Carbon dioxide was supplied by Lynde Gas with a purity of 99.99%, and ethanol 99.9% (with 0.1% water maximum) was obtained from VETEC Química, Brazil. Both chemicals were used without any further purification.

3.2. Equipment and Procedure

The apparatus designed to the measure the bubble points curve, that can support pressure and temperature up to 40.0 MPa and 343 K, respectively, is schematically described in Figure 3.

The high pressure variable volume cell used to perform phase transition measurements by acoustic and visual methods is made of stainless steel. It comprises two main parts: (i) a frontal compartment with flat surfaces to allow the location of the two ulta-sound transducers in two flat walls that are opposed, parallel, and perfectly aligned, and (ii) a cylindric compartment with a mobile piston which pressurizes or depressurizes the mixture. This part contains an obstacle properly located so that the piston cannot penetrate into the frontal compartment.

In the frontal superior part of the cell, there are three nozzles in the cell that are used for temperature indication and control, solvent injection, and pressure measurement. The cell is provided with two sapphire windows. In the frontal window, a video acquisition system consisting of a webcam (Logitech Quickcam Orbit AF) connected to a computer allows the observation of the cell interior. The other sapphire window, located in the top, is used for illumination inside the cell.

Homogenization of the mixture is guaranteed by a small magnetic bar and an external magnetic stirrer. The cell is enclosed by an electric mantle and an automatic control system that keeps the temperature constant. The pressure is measured by a calibrated pressure transducer (GEFRAN model TK-E-1-E-B35D-H-V) with uncertainty of ±0.01 MPa.

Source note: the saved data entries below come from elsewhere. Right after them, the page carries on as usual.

lemma square_free_column_mismatches:
  fixes u :: "nat \<Rightarrow> 'a" and F :: "nat \<Rightarrow> bool"
  assumes sf: "square_free u" and "0 < t" and "finite C" and "finite D"
    and long: "card {c \<in> C. F c} \<le> card D"
  shows "card C \<le> (\<Sum>c\<in>C. \<Sum>l<t. of_bool (u (\<sigma> + l) \<noteq> u (\<sigma> + l + t + of_bool (F c))))
    + (\<Sum>c\<in>D. of_bool (u (\<sigma> + t) \<noteq> u (\<sigma> + t + t + of_bool (F c))))"
    (is "_ \<le> (\<Sum>c\<in>C. ?col c) + (\<Sum>c\<in>D. ?last c)")
proof -
  have col_ge: "1 \<le> ?col c" if "l < t" and "u (\<sigma> + l) \<noteq> u (\<sigma> + l + t + of_bool (F c))" for c l
    using that member_le_sum[of l "{..<t}"
        "\<lambda>l. of_bool (u (\<sigma> + l) \<noteq> u (\<sigma> + l + t + of_bool (F c))) :: nat"]
    by simp
  obtain l where "l < t" and "u (\<sigma> + l) \<noteq> u (\<sigma> + t + l)"
    using sf \<open>0 < t\<close> unfolding square_free_def by blast
  then have short: "1 \<le> ?col c" if "\<not> F c" for c
    using col_ge[of l c] that by (simp add: ac_simps)
  have card_C: "card C = (\<Sum>c\<in>C. of_bool (\<not> F c)) + card {c \<in> C. F c}"
  proof -
    have "C - {c. F c} = C \<inter> {c. \<not> F c}"
      by blast
    then show ?thesis
      using \<open>finite C\<close> card_Int_Diff[of C "{c. F c}"]
      by (simp add: sum_of_bool_eq Collect_conj_eq Int_commute)
  qed
  show ?thesis
  proof (cases "\<exists>l<t. u (\<sigma> + l) \<noteq> u (\<sigma> + l + t + 1)")
    case True
    then obtain l' where "l' < t" and "u (\<sigma> + l') \<noteq> u (\<sigma> + l' + t + 1)"
      by blast
    then have "1 \<le> ?col c" if "F c" for c
      using col_ge[of l' c] that by simp
    with short have "1 \<le> ?col c" for c
      by blast
    then have "card C \<le> (\<Sum>c\<in>C. ?col c)"
      using sum_mono[of C "\<lambda>_. 1::nat" ?col] by simp
    then show ?thesis
      by linarith
  next
    case False
    then have "u (\<sigma> + t) \<noteq> u (\<sigma> + t + t)" and "u (\<sigma> + t) \<noteq> u (\<sigma> + t + t + 1)"
      using square_free_long_matches_escape[OF sf \<open>0 < t\<close>] by blast+
    then have "?last c = 1" for c
      by (cases "F c") auto
    then have "card {c \<in> C. F c} \<le> (\<Sum>c\<in>D. ?last c)"
      using long by simp
    moreover have "(\<Sum>c\<in>C. of_bool (\<not> F c)) \<le> (\<Sum>c\<in>C. ?col c)"
      using short by (intro sum_mono) simp
    ultimately show ?thesis
      using card_C by linarith
  qed
qed
lemma coeff_root_poly:
  fixes x :: "'i \<Rightarrow> 'a::comm_ring_1"
  assumes "finite S" "k \<le> card S"
  shows "coeff (root_poly x S) k = (\<Sum>T\<in>{T. T \<subseteq> S \<and> card T = card S - k}. \<Prod>i\<in>T. - x i)"
proof -
  have "root_poly x S = (\<Prod>m\<in>S. [:- x m:] + monom 1 1)"
    unfolding root_poly_def by (simp add: monom_altdef)
  also have "\<dots> = (\<Sum>T\<in>Pow S. (\<Prod>m\<in>T. [:- x m:]) * (\<Prod>m\<in>S - T. monom 1 1))"
    by (rule prod_add[OF assms(1)])
  also have "\<dots> = (\<Sum>T\<in>Pow S. monom (\<Prod>m\<in>T. - x m) (card (S - T)))"
    using assms(1)
    by (intro sum.cong refl)
      (simp add: prod_to_poly finite_subset mult_monom monom_altdef flip: power_one)
  finally have "coeff (root_poly x S) k
      = (\<Sum>T\<in>Pow S. if card (S - T) = k then \<Prod>m\<in>T. - x m else 0)"
    by (simp add: coeff_sum coeff_monom eq_commute)
  also have "\<dots> = (\<Sum>T\<in>{T\<in>Pow S. card (S - T) = k}. \<Prod>m\<in>T. - x m)"
    using assms(1) by (subst sum.inter_filter) auto
  also have "{T\<in>Pow S. card (S - T) = k} = {T. T \<subseteq> S \<and> card T = card S - k}"
    using assms by (auto simp: card_Diff_subset finite_subset card_mono)
  finally show ?thesis .
qed

lemma coeff_linear_factor_mult:
  fixes t :: "'a::comm_ring_1"
  shows "coeff ([:- t, 1:] * q) i = coeff (pCons 0 q) i - t * coeff q i"
  by (cases i) (auto simp: coeff_pCons algebra_simps)

lemma poly_eq_sum_coeff:
  fixes p :: "'a::comm_semiring_1 poly"
  assumes "degree p < N"
  shows "poly p t = (\<Sum>i<N. coeff p i * t ^ i)"
  unfolding poly_altdef
  by (rule sum.mono_neutral_left) (use assms in \<open>auto simp: coeff_eq_0\<close>)

lemma coeffs_eq_if_sums_agree_on_nodes:
  fixes c d :: "nat \<Rightarrow> 'a::idom"
  assumes inj: "inj_on x {..<n}"
    and agree: "\<And>j. j < n \<Longrightarrow> (\<Sum>i<n. c i * x j ^ i) = (\<Sum>i<n. d i * x j ^ i)"
    and "i < n"
  shows "c i = d i"
proof -
  define P where "P e = (\<Sum>i<n. monom (e i) i)" for e :: "nat \<Rightarrow> 'a"
  have degree_P: "degree (P e) < n" for e
    unfolding P_def using \<open>i < n\<close>
    by (intro le_less_trans[OF degree_sum_le[where n = "n - 1"]])
      (auto intro: order.trans[OF degree_monom_le])
  have "P c = P d"
  proof (rule poly_eqI_degree[of "x ` {..<n}"])
    show "poly (P c) t = poly (P d) t" if "t \<in> x ` {..<n}" for t
      using that agree by (auto simp: P_def poly_sum poly_monom)
    show "degree (P c) < card (x ` {..<n})" "degree (P d) < card (x ` {..<n})"
      using degree_P card_image[OF inj] by auto
  qed
  then have "coeff (P c) i = coeff (P d) i" by simp
  then show ?thesis using \<open>i < n\<close> by (simp add: P_def coeff_sum coeff_monom)
qed

lemma inv_apply_diagonalized_by_nodes:
  fixes M :: "nat \<Rightarrow> nat \<Rightarrow> complex"
  assumes inj: "inj_on x {..<n}"
    and diag: "\<And>l j. l < n \<Longrightarrow> j < n \<Longrightarrow> (\<Sum>i<n. M i l * x j ^ i) = (if l = j then d j else 0)"
    and nz: "\<And>j. j < n \<Longrightarrow> d j \<noteq> 0"
    and "j < n"
  shows "inv_apply n M b j = (\<Sum>i<n. b i * x j ^ i) / d j"
proof -
  have eval_Mu: "(\<Sum>i<n. (\<Sum>l<n. M i l * u l) * x j ^ i) = u j * d j" if "j < n" for u j
  proof -
    have "(\<Sum>i<n. (\<Sum>l<n. M i l * u l) * x j ^ i) = (\<Sum>l<n. u l * (\<Sum>i<n. M i l * x j ^ i))"
      unfolding sum_distrib_left sum_distrib_right by (subst sum.swap) (simp add: mult_ac)
    also have "\<dots> = (\<Sum>l<n. if l = j then u l * d j else 0)"
      using that by (intro sum.cong) (simp_all add: diag)
    also have "\<dots> = u j * d j"
      using that by simp
    finally show ?thesis .
  qed
  have solves_iff: "(\<forall>i<n. (\<Sum>l<n. M i l * u l) = b i) \<longleftrightarrow> (\<forall>j<n. u j * d j = (\<Sum>i<n. b i * x j ^ i))"
    for u
  proof
    assume "\<forall>i<n. (\<Sum>l<n. M i l * u l) = b i"
    then show "\<forall>j<n. u j * d j = (\<Sum>i<n. b i * x j ^ i)"
      using eval_Mu[of _ u] by simp
  next
    assume "\<forall>j<n. u j * d j = (\<Sum>i<n. b i * x j ^ i)"
    then show "\<forall>i<n. (\<Sum>l<n. M i l * u l) = b i"
      using eval_Mu[of _ u] by (auto intro: coeffs_eq_if_sums_agree_on_nodes[OF inj])
  qed
  define z where "z l = (if l < n then (\<Sum>i<n. b i * x l ^ i) / d l else 0)" for l
  have "inv_apply n M b = z"
    unfolding inv_apply_def
  proof (rule the_equality)
    show "(\<forall>i<n. (\<Sum>l<n. M i l * z l) = b i) \<and> (\<forall>i\<ge>n. z i = 0)"
      unfolding solves_iff using nz by (simp add: z_def)
    fix u assume u: "(\<forall>i<n. (\<Sum>l<n. M i l * u l) = b i) \<and> (\<forall>i\<ge>n. u i = 0)"
    show "u = z"
    proof
      fix l
      show "u l = z l"
        using u nz[of l] unfolding solves_iff by (cases "l < n") (simp_all add: z_def eq_divide_eq)
    qed
  qed
  with \<open>j < n\<close> show ?thesis by (simp add: z_def)
qed

lemma deriv_affine: "deriv (\<lambda>t::complex. c - t * d) z = - d"
  by (rule DERIV_imp_deriv) (auto intro!: derivative_eq_intros)

lemma Vfun_eq_coeff_root_poly: "k < n \<Longrightarrow> Vfun n x k = coeff (root_poly x {..<n}) k"
  unfolding Vfun_def by (simp add: coeff_root_poly)

lemma sum_Ffun_powers:
  "(\<Sum>i<n. Ffun n a x i * t ^ i) = poly (root_poly x {..<n}) t - pval n a t"
proof -
  have "{T. T \<subseteq> {..<n} \<and> card T = 0} = {{}}"
    by (auto dest: finite_subset)
  then have "coeff (root_poly x {..<n}) n = 1"
    by (simp add: coeff_root_poly)
  moreover have "poly (root_poly x {..<n}) t = (\<Sum>i<Suc n. coeff (root_poly x {..<n}) i * t ^ i)"
    by (rule poly_eq_sum_coeff) (use degree_root_poly_le[of "{..<n}" x] in auto)
  ultimately show ?thesis
    by (simp add: Ffun_def pval_def Vfun_eq_coeff_root_poly sum_subtractf left_diff_distrib)
qed

lemma pderivF_Ffun:
  assumes "l < n" "i < n"
  shows "pderivF (Ffun n a) x i l = - coeff (root_poly x ({..<n} - {l})) i"
proof -
  have "(\<lambda>t. Ffun n a (x(l := t)) i)
      = (\<lambda>t. (coeff (pCons 0 (root_poly x ({..<n} - {l}))) i - a i) - t * coeff (root_poly x ({..<n} - {l})) i)"
    using assms by (auto simp: Ffun_def Vfun_eq_coeff_root_poly root_poly_fun_upd coeff_linear_factor_mult)
  then show ?thesis unfolding pderivF_def by (simp add: deriv_affine)
qed

lemma pderiv2F_Ffun:
  assumes "l < n" "k < n" "i < n"
  shows "pderiv2F (Ffun n a) x i l k = (if k = l then 0 else coeff (root_poly x ({..<n} - {l, k})) i)"
proof (cases "k = l")
  case True
  with assms have "(\<lambda>t. pderivF (Ffun n a) (x(k := t)) i l) = (\<lambda>t. - coeff (root_poly x ({..<n} - {l})) i)"
    by (auto simp: pderivF_Ffun root_poly_fun_upd)
  with True show ?thesis unfolding pderiv2F_def by simp
next
  case False
  with assms have affine: "(\<lambda>t. pderivF (Ffun n a) (x(k := t)) i l)
      = (\<lambda>t. - coeff (pCons 0 (root_poly x ({..<n} - {l, k}))) i - t * - coeff (root_poly x ({..<n} - {l, k})) i)"
    by (auto simp: pderivF_Ffun root_poly_fun_upd coeff_linear_factor_mult Diff_insert2[symmetric])
  show ?thesis
    unfolding pderiv2F_def affine deriv_affine using False by simp
qed

lemma Bpoly_eq_poly_root_poly: "Bpoly n x l t = - poly (root_poly x ({..<n} - {l})) t"
  by (simp add: Bpoly_def)

lemma Bpoly_other_node: "j < n \<Longrightarrow> j \<noteq> l \<Longrightarrow> Bpoly n x l (x j) = 0"
  unfolding Bpoly_def by (auto intro!: prod_zero bexI[of _ j])

lemma Bpoly_own_node_nonzero:
  "\<forall>i<n. \<forall>j<n. i \<noteq> j \<longrightarrow> x i \<noteq> x j \<Longrightarrow> j < n \<Longrightarrow> Bpoly n x j (x j) \<noteq> 0"
  unfolding Bpoly_def neg_equal_0_iff_equal by (subst prod_zero_iff) auto

lemma prod_omit_pair_eq_Bpoly_div:
  assumes "\<forall>i<n. \<forall>j<n. i \<noteq> j \<longrightarrow> x i \<noteq> x j"
    and "j < n" "l < n" "l \<noteq> j"
  shows "(\<Prod>m\<in>{..<n} - {j, l}. x j - x m) = Bpoly n x j (x j) / (x l - x j)"
proof -
  have "Bpoly n x j (x j) = (x l - x j) * (\<Prod>m\<in>{..<n} - {j, l}. x j - x m)"
    unfolding Bpoly_def using assms(3,4)
    by (subst prod.remove[of _ l]) (auto simp: Diff_insert2[symmetric] algebra_simps)
  moreover have "x l - x j \<noteq> 0"
    using assms by auto
  ultimately show ?thesis
    by simp
qed

lemma Weier_eq: "Weier n a x l = - pval n a (x l) / Bpoly n x l (x l)"
  by (simp add: Weier_def Bpoly_def)

lemma sum_pderivF_Ffun_powers:
  assumes "l < n"
  shows "(\<Sum>i<n. pderivF (Ffun n a) x i l * t ^ i) = Bpoly n x l t"
proof -
  have "(\<Sum>i<n. pderivF (Ffun n a) x i l * t ^ i) = - (\<Sum>i<n. coeff (root_poly x ({..<n} - {l})) i * t ^ i)"
    using assms by (simp add: pderivF_Ffun sum_negf)
  also have "\<dots> = Bpoly n x l t"
    using poly_eq_sum_coeff[OF degree_root_poly_omit_less[OF assms, of "{l}" x]]
    by (simp add: Bpoly_eq_poly_root_poly del: poly_root_poly)
  finally show ?thesis .
qed

lemma sum_pderiv2F_Ffun_powers:
  assumes "l < n" "k < n"
  shows "(\<Sum>i<n. pderiv2F (Ffun n a) x i l k * t ^ i)
    = (if k = l then 0 else poly (root_poly x ({..<n} - {l, k})) t)"
  using assms degree_root_poly_omit_less[OF assms(1), of "{l, k}" x]
  by (simp add: pderiv2F_Ffun poly_eq_sum_coeff[where N = n] del: poly_root_poly)

lemma sum_second_deriv_app_Ffun_powers:
  "(\<Sum>i<n. second_deriv_app n (Ffun n a) x u v i * t ^ i)
    = (\<Sum>k<n. \<Sum>l<n. u l * v k * (if k = l then 0 else poly (root_poly x ({..<n} - {l, k})) t))"
proof -
  have "(\<Sum>i<n. second_deriv_app n (Ffun n a) x u v i * t ^ i)
      = (\<Sum>k<n. \<Sum>l<n. u l * v k * (\<Sum>i<n. pderiv2F (Ffun n a) x i l k * t ^ i))"
    unfolding second_deriv_app_def sum_distrib_right sum_distrib_left
    by (subst sum.swap, rule sum.cong[OF refl], subst sum.swap) (simp add: mult_ac)
  then show ?thesis
    by (simp add: sum_pderiv2F_Ffun_powers del: poly_root_poly)
qed
definition supnorm :: "nat \<Rightarrow> (nat \<Rightarrow> int) \<Rightarrow> int" where
  "supnorm m n = Max ((\<lambda>j. \<bar>n j\<bar>) ` {1..m})"

definition Bad_lin :: "nat \<Rightarrow> (nat \<Rightarrow> real) set" where
  "Bad_lin m = {a. \<exists>C>0. \<forall>n::nat \<Rightarrow> int. (\<exists>j\<in>{1..m}. n j \<noteq> 0) \<longrightarrow>
       dnint (\<Sum>j=1..m. a j * of_int (n j)) \<ge> C / (of_int (supnorm m n)) ^ m}"

definition Eset :: "(nat \<Rightarrow> real) \<Rightarrow> real set" where
  "Eset \<psi> = {x. 0 \<le> x \<and> x < 1 \<and> infinite {n::int. dnint (of_int n * x) \<le> \<psi> (nat \<bar>n\<bar>)}}"

text \<open>A(r) = {L_1(n) mod 1 : n in r Omega' intersected with Z^d}, represented in [0,1).\<close>
definition Aset :: "nat \<Rightarrow> (nat \<Rightarrow> real) \<Rightarrow> real \<Rightarrow> real set" where
  "Aset d \<alpha> r = {frac (\<Sum>j=1..d. \<alpha> j * of_int (n j)) | n :: nat \<Rightarrow> int.
       (\<forall>j\<in>{1..d}. 0 < n j \<and> of_int (n j) \<le> r) \<and> of_int (n d + 2 * n 1) \<le> r}"

text \<open>Distances between cyclically consecutive elements of a finite set A in [0,1)
  on the circle R/Z (including the wrap-around gap).\<close>
definition cyc_gaps :: "real set \<Rightarrow> real set" where
  "cyc_gaps A = {b - a | a b. a \<in> A \<and> b \<in> A \<and> a < b \<and> \<not> (\<exists>c\<in>A. a < c \<and> c < b)}
     \<union> (if A = {} then {} else {1 + Min A - Max A})"

end

theory Submission
  imports Defs "HOL-Library.FuncSet" "HOL-Library.Infinite_Set"
begin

The ultra-sound wave is generated by a pair of US transducers (General Electric model MB4S 57749, frequency of 4 MHz, and diameter of 10 mm) connected externally to the cell by means of a thread. Each transductor is connected to a plate (MATEC SR9000), installed in the microcomputer, which is responsible for the emissions and captures of the ultrasonic waves. The ultra-sound emissor transducer captures the electric signal sent by the computer and converts it into an ultrasonic wave at the desired frequency. Afterwards, the ultra-sound receptor transducer captures the ultrasonic wave that was propagated through the fluid under investigation and converts it into an electric signal. Both waves are analyzed in real time in the oscilloscope, and the distance between the pair of transductors, which is fixed and known, corresponds to the path of the ultrasonic wave.

The amplitude of the wave is observed through a digital oscilloscope (Tektronix model 1001B, with two channels), which monitors the acoustic waves transmitted and captured by the pair of channels separately and simultaneously. The time difference between the beginning of the transmission of the pulse and the beginning of the capture of the signal by the receptor transducer is used to calculate the sound velocity in the fluid under the specified conditions of pressure and temperature. The external indicator of the oscilloscope monitores the plate which generates the signals so that the synchronism of the actions is guaranteed.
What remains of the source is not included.